Strasbourg, 08/04/2019

 

[1] Regulation (EC) No 1107/2009 of the European Parliament and of the Council of 21 October 2009 concerning the placing of plant protection products on the market: https://eur-lex.europa.eu/legal-content/EN/TXT/?uri=celex%3A32009R1107.

[2] Article 15(1) of the Pesticides Regulation.

[3] Article 4 of the Pesticides Regulation.

[4] The procedure is outlined in Articles 3 to 14 of Commission Implementing Regulation (EU) No 844/2012 setting out the provisions necessary for the implementation of the renewal procedure for active substances (hereafter Commission Implementing Regulation 844/2012): https://eur-lex.europa.eu/legal-content/EN/TXT/?uri=CELEX%3A32012R0844.

[5] More comprehensive information on the approval (and renewal) of active substances in pesticides can be found at https://www.efsa.europa.eu/en/applications/pesticides.

[6] Standing Committees deliver opinions that inform the Commission's work on measures that it is planning.
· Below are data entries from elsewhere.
(* If a hard-core configuration $\sigma\in\mathcal{X}$ satisfies $\Delta H(\sigma)<L$, then there exists a path $\omega:\sigma\to\{\mathrm{e},\mathrm{o}\}$ with $\Phi_\omega\le H(\sigma)+1$. In particular, either $\sigma\in C_{\mathrm{e}}$ or $\sigma\in C_{\mathrm{o}}$.
   Context: $L\ge6$ even; $\Lambda=(V,E)$ is the $L\times L$ toric grid graph ($V=\{0,\dots,L-1\}^2$, adjacency = difference $\pm1$ mod $L$ in exactly one coordinate); even/odd sites by parity of coordinate sum. $\mathcal{X}=\{\sigma\in\{0,1\}^V:\sigma(v)\sigma(w)=0$ for adjacent $v,w\}$, $H(\sigma)=-\sum_v\sigma(v)$; $\mathrm{e}$ ($\mathrm{o}$) is the configuration with particles exactly on the even (odd) sites, $H(\mathrm{e})=H(\mathrm{o})=-L^2/2$, and $\Delta H(\sigma)=H(\sigma)-H(\mathrm{e})$. A path is a finite sequence of configurations in $\mathcal{X}$ in which consecutive configurations differ at exactly one site; its height is $\Phi_\omega=\max_{\eta\in\omega}H(\eta)$; a path $\sigma\to\{\mathrm{e},\mathrm{o}\}$ ends in $\mathrm{e}$ or $\mathrm{o}$. $\Phi(\sigma,\sigma')=\min_{\omega:\sigma\to\sigma'}\Phi_\omega$. It is known that $\Phi(\mathrm{e},\mathrm{o})-H(\mathrm{e})=L+1$. The initial cycles are $C_{\mathrm{e}}=\{\zeta\in\mathcal{X}:\Phi(\zeta,\mathrm{e})<\Phi(\mathrm{e},\mathrm{o})\}$ and $C_{\mathrm{o}}=\{\zeta\in\mathcal{X}:\Phi(\zeta,\mathrm{o})<\Phi(\mathrm{e},\mathrm{o})\}$. *)

theory Defs
  imports Main
begin

type_synonym site = "nat \<times> nat"
type_synonym config = "site set"   (* set of occupied sites *)

definition sites :: "nat \<Rightarrow> site set" where
  "sites L = {0..<L} \<times> {0..<L}"

definition cyc_nb :: "nat \<Rightarrow> nat \<Rightarrow> nat \<Rightarrow> bool" where
  "cyc_nb L a b \<longleftrightarrow> b = (a + 1) mod L \<or> a = (b + 1) mod L"

definition adj :: "nat \<Rightarrow> site \<Rightarrow> site \<Rightarrow> bool" where
  "adj L v w \<longleftrightarrow> v \<in> sites L \<and> w \<in> sites L \<and>
     ((fst v = fst w \<and> cyc_nb L (snd v) (snd w)) \<or> (snd v = snd w \<and> cyc_nb L (fst v) (fst w)))"

definition hc :: "nat \<Rightarrow> config set" where
  "hc L = {\<sigma>. \<sigma> \<subseteq> sites L \<and> (\<forall>v\<in>\<sigma>. \<forall>w\<in>\<sigma>. \<not> adj L v w)}"

definition H :: "config \<Rightarrow> int" where
  "H \<sigma> = - int (card \<sigma>)"

definition even_conf :: "nat \<Rightarrow> config" where
  "even_conf L = {v \<in> sites L. even (fst v + snd v)}"

definition odd_conf :: "nat \<Rightarrow> config" where
  "odd_conf L = {v \<in> sites L. odd (fst v + snd v)}"

definition DeltaH :: "nat \<Rightarrow> config \<Rightarrow> int" where
  "DeltaH L \<sigma> = H \<sigma> - H (even_conf L)"

definition is_path :: "nat \<Rightarrow> config list \<Rightarrow> bool" where
  "is_path L \<omega> \<longleftrightarrow> \<omega> \<noteq> [] \<and> set \<omega> \<subseteq> hc L \<and>
     (\<forall>i. Suc i < length \<omega> \<longrightarrow> card ((\<omega>!i - \<omega>!Suc i) \<union> (\<omega>!Suc i - \<omega>!i)) = 1)"

definition path_from_to :: "nat \<Rightarrow> config list \<Rightarrow> config \<Rightarrow> config \<Rightarrow> bool" where
  "path_from_to L \<omega> \<sigma> \<sigma>' \<longleftrightarrow> is_path L \<omega> \<and> hd \<omega> = \<sigma> \<and> last \<omega> = \<sigma>'"

definition height :: "config list \<Rightarrow> int" where
  "height \<omega> = Max (H ` set \<omega>)"

definition comm_height :: "nat \<Rightarrow> config \<Rightarrow> config \<Rightarrow> int" where
  "comm_height L \<sigma> \<sigma>' = Min {height \<omega> | \<omega>. path_from_to L \<omega> \<sigma> \<sigma>'}"

definition cycle_e :: "nat \<Rightarrow> config set" where
  "cycle_e L = {\<zeta> \<in> hc L. comm_height L \<zeta> (even_conf L) < comm_height L (even_conf L) (odd_conf L)}"

definition cycle_o :: "nat \<Rightarrow> config set" where
  "cycle_o L = {\<zeta> \<in> hc L. comm_height L \<zeta> (odd_conf L) < comm_height L (even_conf L) (odd_conf L)}"

end

theory Submission
  imports Defs
begin

text \<open>
  Each column of a hard-core configuration is an independent set of the cycle of length \<open>L\<close>,
  so it carries at most \<open>L/2\<close> particles, with equality only for the two alternating patterns.
  Hence if \<open>\<Delta>H(\<sigma>) < L\<close>, some column of \<sigma> already agrees with a chessboard configuration.
  Next to a column that agrees with the chessboard, a vacant chessboard site has at most one
  occupied neighbour, namely the one in the following column; removing that particle and then
  adding the vacant site raises the energy by at most one and never increases it overall.
  Sweeping across the torus this way fills the whole chessboard.
\<close>

lemma cyc_nb_parity:
  assumes "even L" "a < L" "b < L" "cyc_nb L a b"
  shows "even a \<noteq> even b"
proof -
  have step: "even x \<noteq> even (Suc x mod L)" if "x < L" for x
  proof (cases "Suc x = L")
    case True
    then show ?thesis using assms(1) by auto
  next
    case False
    then show ?thesis using that by simp
  qed
  show ?thesis
    using assms(4) step[OF assms(2)] step[OF assms(3)] unfolding cyc_nb_def by auto
qed

lemma cyc_nb_Suc_mod:
  assumes "a < L" "x < L" "cyc_nb L (Suc a mod L) x"
  shows "x = a \<or> x = Suc (Suc a mod L) mod L"
  using assms unfolding cyc_nb_def by (auto simp: mod_Suc split: if_splits)

lemma adj_parity: "even L \<Longrightarrow> adj L v w \<Longrightarrow> even (fst v + snd v) \<noteq> even (fst w + snd w)"
  unfolding adj_def sites_def using cyc_nb_parity[of L] by auto

lemma adj_sym: "adj L v w \<longleftrightarrow> adj L w v"
  unfolding adj_def cyc_nb_def by auto

lemma adj_Suc_fst: "x < L \<Longrightarrow> y < L \<Longrightarrow> adj L (x, y) (Suc x mod L, y)"
  unfolding adj_def sites_def cyc_nb_def by auto

lemma adj_Suc_snd: "x < L \<Longrightarrow> y < L \<Longrightarrow> adj L (x, y) (x, Suc y mod L)"
  unfolding adj_def sites_def cyc_nb_def by auto

lemma finite_hc: "\<tau> \<in> hc L \<Longrightarrow> finite \<tau>"
  unfolding hc_def sites_def using finite_subset by blast

lemma finite_hc_set: "finite (hc L)"
proof -
  have "hc L \<subseteq> Pow (sites L)" unfolding hc_def by auto
  then show ?thesis using finite_subset unfolding sites_def by blast
qed

lemma independent_cycle_card:
  fixes A :: "nat set"
  assumes A: "A \<subseteq> {..<L}" and indep: "\<forall>y\<in>A. Suc y mod L \<notin> A"
  shows "2 * card A \<le> L"
    and "2 * card A = L \<Longrightarrow> \<exists>p. A = {y. y < L \<and> even y = p}"
proof -
  \<comment> \<open>\<open>A\<close> and its rotation \<open>s ` A\<close> are disjoint; when they fill the cycle, membership alternates.\<close>
  define s where "s y = Suc y mod L" for y
  have inj: "inj_on s {..<L}"
    unfolding s_def inj_on_def by (auto simp: mod_Suc split: if_splits)
  have sA: "s ` A \<subseteq> {..<L}" and disj: "A \<inter> s ` A = {}"
    using A indep unfolding s_def by auto
  have card_sA: "card (s ` A) = card A"
    using card_image inj_on_subset[OF inj A] by blast
  have fin: "finite A" "finite (s ` A)"
    using A sA by (meson finite_lessThan finite_subset)+
  have card_Un: "card (A \<union> s ` A) = 2 * card A"
    using card_Un_disjoint[OF fin disj] card_sA by simp
  then show "2 * card A \<le> L"
    using card_mono[of "{..<L}" "A \<union> s ` A"] A sA by auto
  assume "2 * card A = L"
  then have cover: "A \<union> s ` A = {..<L}"
    using card_Un A sA by (intro card_subset_eq) auto
  have alternate: "Suc y \<in> A \<longleftrightarrow> y \<notin> A" if "Suc y < L" for y
  proof
    show "Suc y \<in> A \<Longrightarrow> y \<notin> A" using indep that by auto
  next
    assume "y \<notin> A"
    have "s y \<in> A \<union> s ` A" using cover that unfolding s_def by auto
    moreover have "s y \<notin> s ` A"
    proof
      assume "s y \<in> s ` A"
      then obtain z where "z \<in> A" "s y = s z" by blast
      with inj A that have "y = z" by (auto dest: inj_onD)
      with \<open>y \<notin> A\<close> \<open>z \<in> A\<close> show False by simp
    qed
    ultimately show "Suc y \<in> A" using that unfolding s_def by auto
  qed
  have parity: "y \<in> A \<longleftrightarrow> even y = (0 \<in> A)" if "y < L" for y
    using that by (induction y) (auto simp: alternate)
  have "A = {y. y < L \<and> even y = (0 \<in> A)}"
  proof (rule set_eqI)
    show "y \<in> A \<longleftrightarrow> y \<in> {y. y < L \<and> even y = (0 \<in> A)}" for y
      using A parity[of y] by auto
  qed
  then show "\<exists>p. A = {y. y < L \<and> even y = p}" by blast
qed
Such measures relate to the implementation of legislation that is already in force. The Commission consults the relevant committee depending on the policy area: food and feed safety, animal health and welfare, and plant health. Committee members are national experts who represent EU governments and public authorities. More information on the Standing Committee for Plants, Animals, Food and Feed: https://ec.europa.eu/food/committees/paff_en.

[7] Point 3.6.2 of Annex II to the Pesticides Regulation.

[8] Point 3.6.3 of Annex II to the Pesticides Regulation.

[9] Except where the risk of exposure is determined to be below a level that is considered to be hazardous. See Point 3.6.4 of Annex II to the Pesticides Regulation.

[10] Point 3.7.1 of Annex II to the Pesticides Regulation.

[11] The Commission refers to Article 17, first paragraph, of the Pesticides Regulation, which states that “... a decision shall be adopted” (emphasis added).

[12] This is the wording of Article 17 of the Pesticides Regulation.

[13] In line with Article 8 of Commission Implementing Regulation 844/2012.

[14] Based on the time limits for assessing applications for the re-approval of active substances set out in Commission Implementing Regulation 844/2012.

[15] The Commission stated that, in 90% of the cases, Rapporteur Member States do not respect the 12-month deadline. The Commission wrote to Member States concerning these systematic delays in February 2017, and received responses from 13 Member States listing reasons for the delays, such as the complexity of assessments, workload and lack of resources.

[16] See footnote 9.

[17] In particular, Commission Implementing Regulation 844/2012.

[18] In the context of the Commission's regulatory fitness and performance (REFIT) programme for reviewing existing legislation: https://ec.europa.eu/info/law/law-making-process/evaluating-and-improving-existing-laws/refit-making-eu-law-simpler-and-less-costly_en.  

[19] See also the decision of the Ombudsman of 18 February 2016 in case 12/2013/MDC on the practices of the European Commission regarding the authorisation and placing on the market of plant protection products (pesticides), available at: https://www.ombudsman.europa.eu/en/decision/en/64069

[20] Article 1(3) of the Pesticides Regulation.

[21] Article 1(4) of the Pesticides Regulation. According to the precautionary principle, if there is a suspicion that an activity or substance may have harmful consequences for health or the environment, the activity or substance should be controlled first, rather than waiting for incontrovertible scientific evidence

[22] Article 15(1) of the Pesticides Regulation.

[23] In particular, the different requirements in Implementing Regulation 844/2012 and Regulation 1272/2008 on the classification, labelling and packaging of substances and mixtures (https://eur-lex.europa.eu/legal-content/EN/TXT/?uri=celex:32008R1272).

[24] Recital 12 of the Pesticides Regulation.

[25] The six-month deadline for finalising ‘draft renewal reports’ is set out in Implementing Regulation 844/2012.